→ Brief:
In the material below, find each line with the word "finite" and copy it.

→ The data:
(* Let ${\bf R}=(R_1,\dots,R_d)\in\mathbb R_+^d$, $p=\max\{\frac12,R_1,\dots,R_d\}$, $g({\bf R})=\frac{1}{1/R_1+\cdots+1/R_d}$, $b_{\bf R}=\big(\sum_{j=1}^d(1/2)^{2R_j}\big)^{1/(2p)}$, and for $m\in\mathbb N$ let $C(m,{\bf R},d)=\#\{{\bf k}\in\mathbb Z^d:\sum_{j=1}^d|k_j|^{2R_j}\le m^{2p}\}$. Then for every $m\in\mathbb N$, $$\big((m-b_{\bf R})_+\big)^{p/g({\bf R})}\mathrm{vol}(B^d_{2{\bf R}})\le C(m,{\bf R},d)\le (m+b_{\bf R})^{p/g({\bf R})}\mathrm{vol}(B^d_{2{\bf R}}),$$ where $a_+=\max\{a,0\}$.
   Context: $B^d_{2{\bf R}}=\{{\bf x}\in\mathbb R^d:\sum_{j=1}^d|x_j|^{2R_j}\le1\}$ and vol is Lebesgue measure on $\mathbb R^d$. *)

theory Defs
  imports "HOL-Analysis.Analysis"
begin

text \<open>Exponent vector R = (R_1,...,R_d), indexed by a finite type 'n (d = CARD('n)).\<close>

definition pR :: "real^'n \<Rightarrow> real" where
  "pR R = Max (insert (1/2) {R $ j | j. True})"

definition gR :: "real^'n \<Rightarrow> real" where
  "gR R = 1 / (\<Sum>j\<in>UNIV. 1 / R $ j)"

definition bR :: "real^'n \<Rightarrow> real" where
  "bR R = (\<Sum>j\<in>UNIV. (1/2) powr (2 * R $ j)) powr (1 / (2 * pR R))"

definition ballR :: "real^'n \<Rightarrow> (real^'n) set" where
  "ballR R = {x. (\<Sum>j\<in>UNIV. \<bar>x $ j\<bar> powr (2 * R $ j)) \<le> 1}"

definition CR :: "nat \<Rightarrow> real^'n \<Rightarrow> nat" where
  "CR m R = card {k :: int^'n. (\<Sum>j\<in>UNIV. \<bar>real_of_int (k $ j)\<bar> powr (2 * R $ j))
                                 \<le> real m powr (2 * pR R)}"

end

theory Submission
  imports Defs
begin

text \<open>
  With \<open>N(x) = (\<Sum>j. \<bar>x\<^sub>j\<bar>^(2 R\<^sub>j))^(1/(2p))\<close>, \<open>C(m,R,d)\<close> counts the integer points with
  \<open>N \<le> m\<close>, and \<open>B_2R = {N \<le> 1}\<close>. As every \<open>R\<^sub>j \<le> p\<close> and \<open>p \<ge> 1/2\<close>, \<open>N\<close> satisfies the
  triangle inequality (\<open>u \<mapsto> u^(R\<^sub>j/p)\<close> is subadditive, then Minkowski in \<open>\<ell>^(2p)\<close>); \<open>N \<le> b_R\<close>
  on the unit cube centred at the origin; and \<open>{N \<le> t}\<close> is the image of \<open>B_2R\<close> under the
  stretch \<open>x\<^sub>j \<mapsto> t^(p/R\<^sub>j) x\<^sub>j\<close>, of volume \<open>t^(p/g(R)) vol(B_2R)\<close>. Hence the unit cubes
  centred at the counted lattice points are disjoint and lie in \<open>{N \<le> m + b_R}\<close>, and they
  cover \<open>{N \<le> m - b_R}\<close>.
\<close>

lemma convex_on_powr_nonneg:
  fixes s :: real
  assumes "1 \<le> s"
  shows "convex_on {0..} (\<lambda>x. x powr s)"
proof (rule convex_onI)
  fix t u v :: real
  assume t: "0 < t" "t < 1" and uv: "u \<in> {0..}" "v \<in> {0..}"
  have shrink: "c powr s \<le> c" if "0 \<le> c" "c \<le> 1" for c :: real
    using that powr_le_one_le[of c s] assms by (cases "c = 0") auto
  consider "0 < u" "0 < v" | "u = 0" | "v = 0"
    using uv by fastforce
  then show "((1 - t) *\<^sub>R u + t *\<^sub>R v) powr s \<le> (1 - t) * u powr s + t * v powr s"
  proof cases
    case 1
    then show ?thesis
      using convex_onD[OF powr_convex[OF assms], of t u v] t by simp
  next
    case 2
    have "(t * v) powr s = t powr s * v powr s"
      using t uv by (simp add: powr_mult)
    also have "\<dots> \<le> t * v powr s"
      using shrink[of t] t by (intro mult_right_mono) auto
    finally show ?thesis using 2 by simp
  next
    case 3
    have "((1 - t) * u) powr s = (1 - t) powr s * u powr s"
      using t uv by (simp add: powr_mult)
    also have "\<dots> \<le> (1 - t) * u powr s"
      using shrink[of "1 - t"] t by (intro mult_right_mono) auto
    finally show ?thesis using 3 by simp
  qed
qed simp

lemma powr_add_le_add_powr:
  fixes u v q :: real
  assumes "0 \<le> u" "0 \<le> v" "0 < q" "q \<le> 1"
  shows "(u + v) powr q \<le> u powr q + v powr q"
proof (cases "u + v = 0")
  case True
  then show ?thesis using assms by auto
next
  case False
  then have w: "u + v > 0" using assms by auto
  have grow: "c \<le> c powr q" if "0 \<le> c" "c \<le> 1" for c :: real
    using powr_mono'[of q 1 c] that assms by auto
  have "1 = u / (u + v) + v / (u + v)"
    using w by (simp add: add_divide_distrib[symmetric])
  also have "\<dots> \<le> (u / (u + v)) powr q + (v / (u + v)) powr q"
    using w assms by (intro add_mono grow) auto
  also have "\<dots> = (u powr q + v powr q) / (u + v) powr q"
    by (simp add: powr_divide add_divide_distrib)
  finally show ?thesis using w by (simp add: field_simps)
qed

lemma root_powr_le_iff:
  fixes a t s :: real
  assumes "0 \<le> a" "0 \<le> t" "0 < s"
  shows "a powr (1 / s) \<le> t \<longleftrightarrow> a \<le> t powr s"
proof
  assume "a powr (1 / s) \<le> t"
  then have "(a powr (1 / s)) powr s \<le> t powr s"
    using assms by (intro powr_mono2) auto
  then show "a \<le> t powr s" using assms by (simp add: powr_powr)
next
  assume "a \<le> t powr s"
  then have "a powr (1 / s) \<le> (t powr s) powr (1 / s)"
    using assms by (intro powr_mono2) auto
  then show "a powr (1 / s) \<le> t" using assms by (simp add: powr_powr)
qed

lemma Minkowski_sum_powr:
  fixes a b :: "'i \<Rightarrow> real"
  assumes fin: "finite I"
    and a: "\<And>i. i \<in> I \<Longrightarrow> 0 \<le> a i" and b: "\<And>i. i \<in> I \<Longrightarrow> 0 \<le> b i"
    and s: "1 \<le> s"
  shows "(\<Sum>i\<in>I. (a i + b i) powr s) powr (1 / s)
     \<le> (\<Sum>i\<in>I. a i powr s) powr (1 / s) + (\<Sum>i\<in>I. b i powr s) powr (1 / s)"
proof -
  define A where "A = (\<Sum>i\<in>I. a i powr s) powr (1 / s)"
  define B where "B = (\<Sum>i\<in>I. b i powr s) powr (1 / s)"
  have sum_A: "(\<Sum>i\<in>I. a i powr s) = A powr s" and sum_B: "(\<Sum>i\<in>I. b i powr s) = B powr s"
    unfolding A_def B_def using s by (simp_all add: powr_powr sum_nonneg)
  have vanish: "(\<Sum>i\<in>I. c i powr s) = 0 \<Longrightarrow> i \<in> I \<Longrightarrow> c i = 0" for c :: "'i \<Rightarrow> real" and i
    using sum_nonneg_eq_0_iff[OF fin, of "\<lambda>i. c i powr s"] by auto
  consider "A = 0" | "B = 0" | "0 < A" "0 < B"
    unfolding A_def B_def by fastforce
  then show ?thesis
  proof cases
    case 1
    then have "\<And>i. i \<in> I \<Longrightarrow> a i = 0" using vanish[of a] sum_A s by simp
    then show ?thesis using 1 unfolding A_def B_def by simp
  next
    case 2
    then have "\<And>i. i \<in> I \<Longrightarrow> b i = 0" using vanish[of b] sum_B s by simp
    then show ?thesis using 2 unfolding A_def B_def by simp
  next
    case 3
    \<comment> \<open>\<open>a + b\<close> is \<open>A + B\<close> times a convex combination of the normalised vectors \<open>a / A\<close> and \<open>b / B\<close>.\<close>
    define lam where "lam = B / (A + B)"
    have lam: "0 \<le> lam" "lam \<le> 1" "1 - lam = A / (A + B)"
      using 3 unfolding lam_def by (auto simp: field_simps)
    have split: "a i + b i = (A + B) * ((1 - lam) * (a i / A) + lam * (b i / B))" for i
    proof -
      have "(A + B) * ((1 - lam) * (a i / A)) = a i"
        using 3 by (simp add: lam(3))
      moreover have "(A + B) * (lam * (b i / B)) = b i"
        using 3 by (simp add: lam_def)
      ultimately show ?thesis by (simp add: distrib_left)
    qed
    have "(\<Sum>i\<in>I. (a i + b i) powr s)
        = (\<Sum>i\<in>I. (A + B) powr s * ((1 - lam) * (a i / A) + lam * (b i / B)) powr s)"
      using 3 a b lam by (intro sum.cong refl, subst split) (simp add: powr_mult)
    also have "\<dots> \<le> (\<Sum>i\<in>I. (A + B) powr s * ((1 - lam) * (a i / A) powr s + lam * (b i / B) powr s))"
      using convex_onD[OF convex_on_powr_nonneg[OF s] lam(1,2), of "a _ / A" "b _ / B"] a b 3
      by (intro sum_mono mult_left_mono) auto
    also have "\<dots> = (A + B) powr s * (\<Sum>i\<in>I. (1 - lam) * (a i / A) powr s + lam * (b i / B) powr s)"
      by (simp add: sum_distrib_left)
    also have "\<dots> = (A + B) powr s * ((1 - lam) * ((\<Sum>i\<in>I. a i powr s) / A powr s)
                                    + lam * ((\<Sum>i\<in>I. b i powr s) / B powr s))"
      by (simp add: sum.distrib powr_divide sum_distrib_left sum_divide_distrib)
    also have "\<dots> = (A + B) powr s"
      using 3 by (simp add: sum_A sum_B)
    finally show ?thesis
      using 3 s root_powr_le_iff[of "\<Sum>i\<in>I. (a i + b i) powr s" "A + B" s]
      unfolding A_def B_def by (simp add: sum_nonneg)
  qed
qed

→ Task result:
text \<open>Exponent vector R = (R_1,...,R_d), indexed by a finite type 'n (d = CARD('n)).\<close>
  assumes fin: "finite I"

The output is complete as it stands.